TLDR: Run pglocklogger on your prod databases. Whenever there's an outage due to blocking in
PostgreSQL, it may give you essential observability.
Recently, I experienced a prod outage caused by a blocked migration.
The migration itself was almost instantaneous, but it picks up a lock before it
actually runs. That may take a while, but that's no problem, right? The migration runs a bit
later, no worries.
That's when I learned that an ALTER TABLE waiting on a lock, itself also blocks benign
work that would otherwise run concurrently. So having your blocked ALTER TABLE can spiral into
an application-wide outage quite easily.
For example, a SELECT WITH UPDATE can run simultaneously with a SELECT, but not if an ALTER
TABLE is executed in between. This is to prevent livelocks. A simple solution is to set a
lock_timeout in your migrations, which causes the ALTER to fail early and allow all other work
to continue. Then, retry the migration later.
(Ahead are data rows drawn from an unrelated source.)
lemma lattice_eq_cuts:
  assumes "finite E" "L \<subseteq> Pow E" "{} \<in> L" "E \<in> L"
    and closed: "\<And>A B. A \<in> L \<Longrightarrow> B \<in> L \<Longrightarrow> A \<inter> B \<in> L \<and> A \<union> B \<in> L"
  shows "\<exists>S \<subseteq> E \<times> E. cuts E S = L"
proof (intro exI conjI)
  define S where "S = {(u,v). u \<in> E \<and> v \<in> E \<and> (\<forall>C\<in>L. v \<in> C \<longrightarrow> u \<in> C)}"
  show "S \<subseteq> E \<times> E" by (auto simp: S_def)
  have "finite L" using assms(1,2) by (simp add: finite_subset)
  note closure = finite_Inter_Union_mem[OF closed assms(3,4,2)]
  show "cuts E S = L"
  proof
    show "L \<subseteq> cuts E S" using assms(2) by (auto simp: cuts_def consistent_cut_def S_def)
    show "cuts E S \<subseteq> L"
    proof
      fix D assume "D \<in> cuts E S"
      then have "D \<subseteq> E" and D_closed: "\<And>u v. (u,v) \<in> S \<Longrightarrow> v \<in> D \<Longrightarrow> u \<in> D"
        by (auto simp: cuts_def consistent_cut_def)
      define J where "J v = E \<inter> \<Inter>{C \<in> L. v \<in> C}" for v
      have "J v \<in> L" for v using closure[of "{C \<in> L. v \<in> C}"] \<open>finite L\<close> by (simp add: J_def)
      moreover have "J v \<subseteq> D" if "v \<in> D" for v
        using that \<open>D \<subseteq> E\<close> D_closed by (auto simp: J_def S_def)
      moreover have "v \<in> J v" if "v \<in> D" for v using that \<open>D \<subseteq> E\<close> by (auto simp: J_def)
      ultimately have "D = \<Union>(J ` D)" "J ` D \<subseteq> L" by blast+
      moreover have "finite (J ` D)" using \<open>D \<subseteq> E\<close> assms(1) by (simp add: finite_subset)
      ultimately show "D \<in> L" using closure[of "J ` D"] by simp
    qed
  qed
qed

lemma regular_cuts_Int_Un_closed:
  assumes "regular E R c"
    and "A \<in> {C \<in> cuts E R. c C} \<union> {{}, E}" "B \<in> {C \<in> cuts E R. c C} \<union> {{}, E}"
  shows "A \<inter> B \<in> {C \<in> cuts E R. c C} \<union> {{}, E} \<and> A \<union> B \<in> {C \<in> cuts E R. c C} \<union> {{}, E}"
proof (cases "A \<in> {{}, E} \<or> B \<in> {{}, E}")
  case True
  have "A \<subseteq> E" "B \<subseteq> E" using assms(2,3) by (auto simp: cuts_def consistent_cut_def)
  with True show ?thesis using assms(2,3) by (auto simp: Int_absorb1 Int_absorb2 Un_absorb1 Un_absorb2)
next
  case False
  then have "consistent_cut E R A" "consistent_cut E R B" "c A" "c B"
    using assms(2,3) by (auto simp: cuts_def)
  moreover from this(1,2) have "consistent_cut E R (A \<inter> B)" "consistent_cut E R (A \<union> B)"
    by (auto simp: consistent_cut_def)
  ultimately show ?thesis using assms(1) by (simp add: cuts_def regular_def)
qed

lemma finite_cuts: "finite E \<Longrightarrow> finite (cuts E R)"
  by (rule finite_subset[of _ "Pow E"]) (auto simp: cuts_def consistent_cut_def)

lemma slice_cuts:
  assumes "finite E" "regular E R c" "is_slice E R c S"
  shows "cuts E S = {C \<in> cuts E R. c C} \<union> {{}, E}"
proof -
  define L where "L = {C \<in> cuts E R. c C} \<union> {{}, E}"
  have L_Pow: "L \<subseteq> Pow E" by (auto simp: L_def cuts_def consistent_cut_def)
  have "{} \<in> L" "E \<in> L" by (simp_all add: L_def)
  then obtain S' where "S' \<subseteq> E \<times> E" "cuts E S' = L"
    using lattice_eq_cuts[OF assms(1) L_Pow] regular_cuts_Int_Un_closed[OF assms(2)]
    unfolding L_def by blast
  moreover have "{C. consistent_cut E R C \<and> c C} \<subseteq> L" by (auto simp: L_def cuts_def)
  moreover have "card (cuts E S) \<le> card (cuts E S')"
    if "S' \<subseteq> E \<times> E" "{C. consistent_cut E R C \<and> c C} \<subseteq> cuts E S'" for S'
    using assms(3) that unfolding is_slice_def by blast
  ultimately have "card (cuts E S) \<le> card L" by metis
  moreover have "L \<subseteq> cuts E S"
  proof -
    have "S \<subseteq> E \<times> E" "{C. consistent_cut E R C \<and> c C} \<subseteq> cuts E S"
      using assms(3) by (simp_all add: is_slice_def)
    then show ?thesis using empty_mem_cuts carrier_mem_cuts by (auto simp: L_def cuts_def)
  qed
  ultimately have "L = cuts E S" using card_seteq[OF finite_cuts[OF assms(1)]] by blast
  then show ?thesis by (simp add: L_def)
qed

lemma finite_events: "finite (events n m)"
proof -
  have "events n m = Sigma {..<n} (\<lambda>i. {..m i})" by (auto simp: events_def)
  then show ?thesis by simp
qed

lemma cut_closed_along_process:
  assumes cut: "consistent_cut (events n m) G D"
    and process_edge: "\<And>i k. i < n \<Longrightarrow> k < m i \<Longrightarrow> ((i,k),(i,Suc k)) \<in> G"
    and "(i,k) \<in> D" "k' \<le> k"
  shows "(i,k') \<in> D"
  using assms(3,4)
proof (induction k)
  case 0
  then show ?case by simp
next
  case (Suc k)
  show ?case
  proof (cases "k' = Suc k")
    case False
    have "(i, Suc k) \<in> events n m" using Suc.prems(1) cut by (auto simp: consistent_cut_def)
    then have "((i,k),(i,Suc k)) \<in> G" using process_edge by (simp add: events_def)
    then have "(i,k) \<in> D" using Suc.prems(1) cut by (auto simp: consistent_cut_def)
    then show ?thesis using Suc False by simp
  qed (use Suc.prems in simp)
qed

lemma computation_cut_closed_along_process:
  assumes "computation n m R" "consistent_cut (events n m) R D" "(i,k) \<in> D" "k' \<le> k"
  shows "(i,k') \<in> D"
proof (rule cut_closed_along_process[OF consistent_cut_trancl[OF assms(2)] _ assms(3,4)])
  show "((i,k),(i,Suc k)) \<in> R\<^sup>+" if "i < n" "k < m i" for i k
    using assms(1) that by (simp add: computation_def)
qed

lemma computation_cut_final:
  assumes comp: "computation n m R" and cut: "consistent_cut (events n m) R C"
    and "i < n" "(i, m i) \<in> C"
  shows "C = events n m"
proof
  show "C \<subseteq> events n m" using cut by (simp add: consistent_cut_def)
  show "events n m \<subseteq> C"
  proof
    fix x assume "x \<in> events n m"
    then obtain j k where x: "x = (j,k)" "j < n" "k \<le> m j" by (auto simp: events_def)
    then have "((j, m j),(i, m i)) \<in> R\<^sup>*" using comp \<open>i < n\<close> by (simp add: computation_def)
    then have "(j, m j) \<in> C" using consistent_cut_rtrancl_closed[OF cut] \<open>(i, m i) \<in> C\<close> by blast
    then show "x \<in> C" using computation_cut_closed_along_process[OF comp cut] x by blast
  qed
qed

lemma computation_slice_cuts_subset:
  assumes "computation n m R" "regular (events n m) R c" "is_slice (events n m) R c S"
  shows "cuts (events n m) S \<subseteq> cuts (events n m) R"
proof -
  have "R \<subseteq> events n m \<times> events n m" using assms(1) by (simp add: computation_def)
  then have "{{}, events n m} \<subseteq> cuts (events n m) R" using empty_mem_cuts carrier_mem_cuts by blast
  then show ?thesis unfolding slice_cuts[OF finite_events assms(2,3)] by blast
qed

lemma reaches_final_if_cuts_subset:
  assumes comp: "computation n m R" and "S \<subseteq> events n m \<times> events n m"
    and "cuts (events n m) S \<subseteq> cuts (events n m) R"
    and "e \<in> events n m" "i < n"
  shows "(e, (i, m i)) \<in> S\<^sup>*"
proof (rule rtrancl_if_cuts_closed[OF assms(2,4)])
  show "(i, m i) \<in> events n m" using \<open>i < n\<close> by (simp add: events_def)
  fix C assume "C \<in> cuts (events n m) S" "(i, m i) \<in> C"
  then have "C = events n m"
    using computation_cut_final[OF comp] assms(3) \<open>i < n\<close> by (auto simp: cuts_def)
  then show "e \<in> C" using \<open>e \<in> events n m\<close> by simp
qed

lemma F_reach_reachable:
  assumes "(e, (i, m i)) \<in> S\<^sup>*"
  shows "(e, F_reach m S e i) \<in> S\<^sup>*"
proof -
  have "(e, (i, LEAST k. k \<le> m i \<and> (e,(i,k)) \<in> S\<^sup>*)) \<in> S\<^sup>*"
    using LeastI[of "\<lambda>k. k \<le> m i \<and> (e,(i,k)) \<in> S\<^sup>*" "m i"] assms by simp
  then show ?thesis by (simp add: F_reach_def)
qed

lemma F_reach_least:
  assumes "k \<le> m i" "(e, (i,k)) \<in> S\<^sup>*"
  shows "snd (F_reach m S e i) \<le> k"
  using assms by (simp add: F_reach_def Least_le)

lemma cut_F_reach_closed:
  assumes "computation n m R" "S \<subseteq> events n m \<times> events n m"
    and "cuts (events n m) S \<subseteq> cuts (events n m) R"
    and "consistent_cut (events n m) S D" "u \<in> events n m" "i < n" "F_reach m S u i \<in> D"
  shows "u \<in> D"
  using consistent_cut_rtrancl_closed[OF assms(4) F_reach_reachable assms(7)]
    reaches_final_if_cuts_subset[OF assms(1-3,5,6)] .

lemma F_min_cases: "F_min m S1 S2 e i \<in> {F_reach m S1 e i, F_reach m S2 e i}"
  by (simp add: F_min_def F_reach_def min_def)

lemma S_min_commute: "S_min n m S1 S2 = S_min n m S2 S1"
  by (simp add: S_min_def F_min_def min.commute)

lemma S_min_process_edge:
  assumes "i < n" "k < m i"
  shows "((i,k),(i,Suc k)) \<in> S_min n m S1 S2"
proof -
  have "(i,k) \<in> events n m" "(i,k) \<notin> final_events n m"
    using assms by (auto simp: events_def final_events_def)
  then show ?thesis by (auto simp: S_min_def succ_ev_def)
qed

lemma S_min_F_min_edge:
  "e \<in> events n m \<Longrightarrow> i < n \<Longrightarrow> (e, F_min m S1 S2 e i) \<in> S_min n m S1 S2"
  unfolding S_min_def by blast

lemma cuts_S_min_subset:
  assumes "S1 \<subseteq> events n m \<times> events n m"
  shows "cuts (events n m) (S_min n m S1 S2) \<subseteq> cuts (events n m) S1"
proof
  fix D assume "D \<in> cuts (events n m) (S_min n m S1 S2)"
  then have cut: "consistent_cut (events n m) (S_min n m S1 S2) D" by (simp add: cuts_def)
  have "u \<in> D" if "(u, (i,k)) \<in> S1" "(i,k) \<in> D" for u i k
  proof -
    have "u \<in> events n m" "i < n" "k \<le> m i" using that(1) assms by (auto simp: events_def)
    then have "snd (F_reach m S1 u i) \<le> k" using that(1) F_reach_least by blast
    then have "F_min m S1 S2 u i \<in> D"
      using cut_closed_along_process[OF cut S_min_process_edge that(2)] by (simp add: F_min_def)
    then show "u \<in> D"
      using consistent_cut_edge[OF cut S_min_F_min_edge[OF \<open>u \<in> events n m\<close> \<open>i < n\<close>]] by blast
  qed
  then show "D \<in> cuts (events n m) S1" using cut by (auto simp: cuts_def consistent_cut_def)
qed

lemma cuts_S_min_supset:
  assumes comp: "computation n m R"
    and "S1 \<subseteq> events n m \<times> events n m" "cuts (events n m) S1 \<subseteq> cuts (events n m) R"
    and "S2 \<subseteq> events n m \<times> events n m" "cuts (events n m) S2 \<subseteq> cuts (events n m) R"
  shows "cuts (events n m) S1 \<inter> cuts (events n m) S2 \<subseteq> cuts (events n m) (S_min n m S1 S2)"
proof
  fix D assume "D \<in> cuts (events n m) S1 \<inter> cuts (events n m) S2"
  then have cut1: "consistent_cut (events n m) S1 D" and cut2: "consistent_cut (events n m) S2 D"
    by (auto simp: cuts_def)
  have "u \<in> D" if "(u,v) \<in> S_min n m S1 S2" "v \<in> D" for u v
  proof -
    from that(1) consider "v = succ_ev u"
      | i where "u \<in> events n m" "i < n" "v = F_min m S1 S2 u i"
      unfolding S_min_def by blast
    then show "u \<in> D"
    proof cases
      case 1
      obtain i k where "u = (i,k)" by fastforce
      moreover have "consistent_cut (events n m) R D" using assms(3) cut1 by (auto simp: cuts_def)
      ultimately show ?thesis
        using computation_cut_closed_along_process[OF comp] 1 \<open>v \<in> D\<close> by (auto simp: succ_ev_def)
    next
      case 2
      then have "v = F_reach m S1 u i \<or> v = F_reach m S2 u i" using F_min_cases by simp
      then show ?thesis
        using cut_F_reach_closed[OF comp assms(2,3) cut1 2(1,2)] \<open>v \<in> D\<close>
          cut_F_reach_closed[OF comp assms(4,5) cut2 2(1,2)] by blast
    qed
  qed
  then show "D \<in> cuts (events n m) (S_min n m S1 S2)"
    using cut1 by (auto simp: cuts_def consistent_cut_def)
qed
I figured this out during the post-mortem analysis, but during the outage, this was hard to
infer, even from PostgreSQL's own slow query log. There's a number of resources on how to
discover this during an outage, but afterwards, all that information is gone.
Not with pglocklogger. It inspects PostgreSQL's in-memory state (using in-memory tables
intended for this) and logs the output when it crosses particular thresholds. In an outage, or
during post-mortem investigations, this may turn out to be an essential observability tool.